Four RCTs reported SF-36 Bodily Pain (0 [worst pain] to 100 [no pain]) and observed improvement in both groups at short- and medium-term follow-up (range 14.1 to 40.9 point increase for surgery, 17.3 to 30.5 point increase for comparator), but between-group differences were mixed.15, 16, 18, 19 Weinstein et al.19 reported an AMD at 12 weeks of 2.9 (95% CI, − 2.2 to 8.0), and Peul et al.18 reported an AMD at 8 weeks of 8.4 (95% CI, 3.2 to 13.5) and at 26 weeks of 3.3 (95% CI, − 1.8 to 8.4). Both of these studies compared discectomy or microdiscectomy to medication and physical therapy. In contrast, Gerszten et al.,15 which compared plasma disc decompression to epidural steroid injection, reported a significant between-group difference favoring surgery at 26 weeks (actual values not reported [NR], P = 0.004).
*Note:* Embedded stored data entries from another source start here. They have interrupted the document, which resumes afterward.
(* Let $F$ be an algebraically closed field of characteristic different from $2$ and $3$, and let $K_{10}=F\cdot 1\oplus(K_3\otimes K_3)$ be the Kac Jordan superalgebra in the realization described in the context. Let $\varphi\colon K_{10}\to K_{10}$ be the automorphism $\varphi(\lambda 1+a\otimes b)=\lambda 1+(-1)^{\bar a\bar b}\,b\otimes a$ (for $\lambda\in F$ and homogeneous $a,b\in K_3$, extended linearly). Then the maximal subalgebras of $K_{10}$ are, up to conjugation by automorphisms of $K_{10}$, the following: (i) $(K_{10})_{\bar 0}$; (ii) the subalgebra of elements fixed by $\varphi$; (iii) the subalgebra $F\cdot 1\oplus(M\otimes K_3)$, where $M=Fe+Fx$ (a maximal subalgebra of $K_3$); (iv) the subalgebra $F\cdot 1+F(e\otimes e)+(x\otimes K_3)+(K_3\otimes y)$.
   Context: The Kaplansky superalgebra $K_3$ has even part $Fe$ and odd part $Fx+Fy$, with products $e^2=e$, $ex=xe=\tfrac12x$, $ey=ye=\tfrac12y$, $xy=e$, $yx=-e$, $x^2=y^2=0$. It carries the supersymmetric bilinear form with $(e|e)=\tfrac12$, $(x|y)=1$, $(y|x)=-1$, $(x|x)=(y|y)=0$, and even and odd parts orthogonal. $K_{10}=F\cdot1\oplus(K_3\otimes K_3)$ is the superalgebra in which $1$ is an even identity element, $a\otimes b$ (for homogeneous $a,b\in K_3$) has parity $\bar a+\bar b$, and $(a\otimes b)(c\otimes d)=(-1)^{\bar b\bar c}\bigl(ac\otimes bd-\tfrac34(a|c)(b|d)1\bigr)$; this is (isomorphic to) the $10$-dimensional Kac Jordan superalgebra. Subalgebras are graded subalgebras; maximal means proper and maximal under inclusion; automorphisms are grading-preserving. *)

theory Defs
  imports Main "HOL-Computational_Algebra.Polynomial"
begin
definition is_PF_partite :: "nat \<Rightarrow> (nat \<Rightarrow> nat set) \<Rightarrow> (nat \<Rightarrow> nat) multiset \<Rightarrow> nat set set \<Rightarrow> bool" where
  "is_PF_partite k Vp F J \<longleftrightarrow>
     (\<forall>j\<in>{1..k}. \<forall>e\<in>layer J j. \<exists>f\<in>#F. f_shaped Vp f j e)"

(* delta^f_j(J): the largest m (possibly infinite if there are no such edges)
   such that every edge {v_1..v_j} of J with v_i in V_{f(i)} has at least m
   extensions by a new vertex v_{j+1} in V_{f(j+1)} *)
definition delta_f :: "(nat \<Rightarrow> nat set) \<Rightarrow> nat set set \<Rightarrow> (nat \<Rightarrow> nat) \<Rightarrow> nat \<Rightarrow> ereal" where
  "delta_f Vp J f j =
     (INF e \<in> {e \<in> J. card e = j \<and> f_shaped Vp f j e}.
        ereal (real (card {u \<in> Vp (f (Suc j)). u \<notin> e \<and> insert u e \<in> J})))"

definition delta_F :: "(nat \<Rightarrow> nat set) \<Rightarrow> nat set set \<Rightarrow> (nat \<Rightarrow> nat) multiset \<Rightarrow> nat \<Rightarrow> ereal" where
  "delta_F Vp J F j = (INF f \<in> set_mset F. delta_f Vp J f j)"

definition induced :: "nat set set \<Rightarrow> nat set \<Rightarrow> nat set set" where
  "induced H X = {e \<in> H. e \<subseteq> X}"

definition has_perfect_matching :: "nat set set \<Rightarrow> nat set \<Rightarrow> bool" where
  "has_perfect_matching H X \<longleftrightarrow> (\<exists>M \<subseteq> H. pairwise disjnt M \<and> \<Union>M = X)"

definition reachable :: "nat \<Rightarrow> nat set \<Rightarrow> nat set set \<Rightarrow> real \<Rightarrow> nat \<Rightarrow> nat \<Rightarrow> nat \<Rightarrow> bool" where
  "reachable k V H \<beta> i u w \<longleftrightarrow>
     real (card {S. S \<subseteq> V \<and> card S = i * k - 1 \<and>
                 has_perfect_matching (induced H (insert u S)) (insert u S) \<and>
                 has_perfect_matching (induced H (insert w S)) (insert w S)})
       \<ge> \<beta> * real (card V) ^ (i * k - 1)"

definition reach_nbhd :: "nat \<Rightarrow> nat \<Rightarrow> nat set \<Rightarrow> (nat \<Rightarrow> nat set) \<Rightarrow> nat set set \<Rightarrow> real \<Rightarrow> nat \<Rightarrow> nat \<Rightarrow> nat set" where
  "reach_nbhd k r V Vp H \<beta> i v =
     {w. (\<exists>j\<in>{1..r}. v \<in> Vp j \<and> w \<in> Vp j) \<and> reachable k V H \<beta> i v w}"

end

(* Fix v in Vp j and an allocation function f in F with f 1 = j.  Growing edges
   out of v one vertex at a time along f, the degree conditions give at least
   (zeta n / k)^(k-1) sets S of size k-1 with insert v S in J_k; composing f with
   the transposition of 1 and k, each such S is closed by at least delta_(k-1)
   vertices w of Vp j.  Double count the pairs (S, w): a single edge is a perfect
   matching of itself, so a w that is not (eta,1)-reachable from v closes fewer
   than eta (r n)^(k-1) of the sets S, while a reachable w closes at most all of
   them.  Once eta <= (zeta / (r k))^(2(k-1)) this yields the bound for every
   n >= 1. *)

theory Submission
  imports Defs
begin

lemma sum_card_filter_swap:
  assumes "finite A" "finite W"
  shows "(\<Sum>S\<in>A. card {w \<in> W. P S w}) = (\<Sum>w\<in>W. card {S \<in> A. P S w})"
proof -
  have "(\<Sum>S\<in>A. card {w \<in> W. P S w}) = (\<Sum>S\<in>A. \<Sum>w\<in>W. of_bool (P S w))"
    using assms(2) by (simp add: Int_def)
  also have "\<dots> = (\<Sum>w\<in>W. \<Sum>S\<in>A. of_bool (P S w))" by (rule sum.swap)
  also have "\<dots> = (\<Sum>w\<in>W. card {S \<in> A. P S w})"
    using assms(1) by (simp add: Int_def)
  finally show ?thesis .
qed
Finally, McMorland et al.16 reported no difference in the repeated measure AMD from 6 to 12 weeks (actual values NR, P = 0.34) comparing microdiscectomy to spinal manipulation. Similar to the VAS, within-group improvements in the SF-36 Bodily Pain measure persisted, but between-group differences were not significant in the two RCTs reporting long-term outcomes.18, 19

Two studies comparing microdiscectomy or discectomy to medication and physical therapy reported short-, medium-, and long-term pain using the Sciatica Index (scale 0 [no pain] to 24 [worst pain]).18, 19 Scores improved in both groups at short-term follow-up; between-group AMDs were statistically significant and ranged from − 2.1 to − 4.0 points favoring surgery. Within-group improvements persisted, but between-group differences were mixed at long-term follow-up.

Other Pain Outcomes

Three RCTs reported other pain outcomes.4, 14, 16 These studies confirmed similar findings to the measures of pain previously reported. We did not use these studies in our strength of evidence ratings for the pain outcome because they were each only used in one study. Individual study results are available in Appendix Table B-1 of the Online Supplement.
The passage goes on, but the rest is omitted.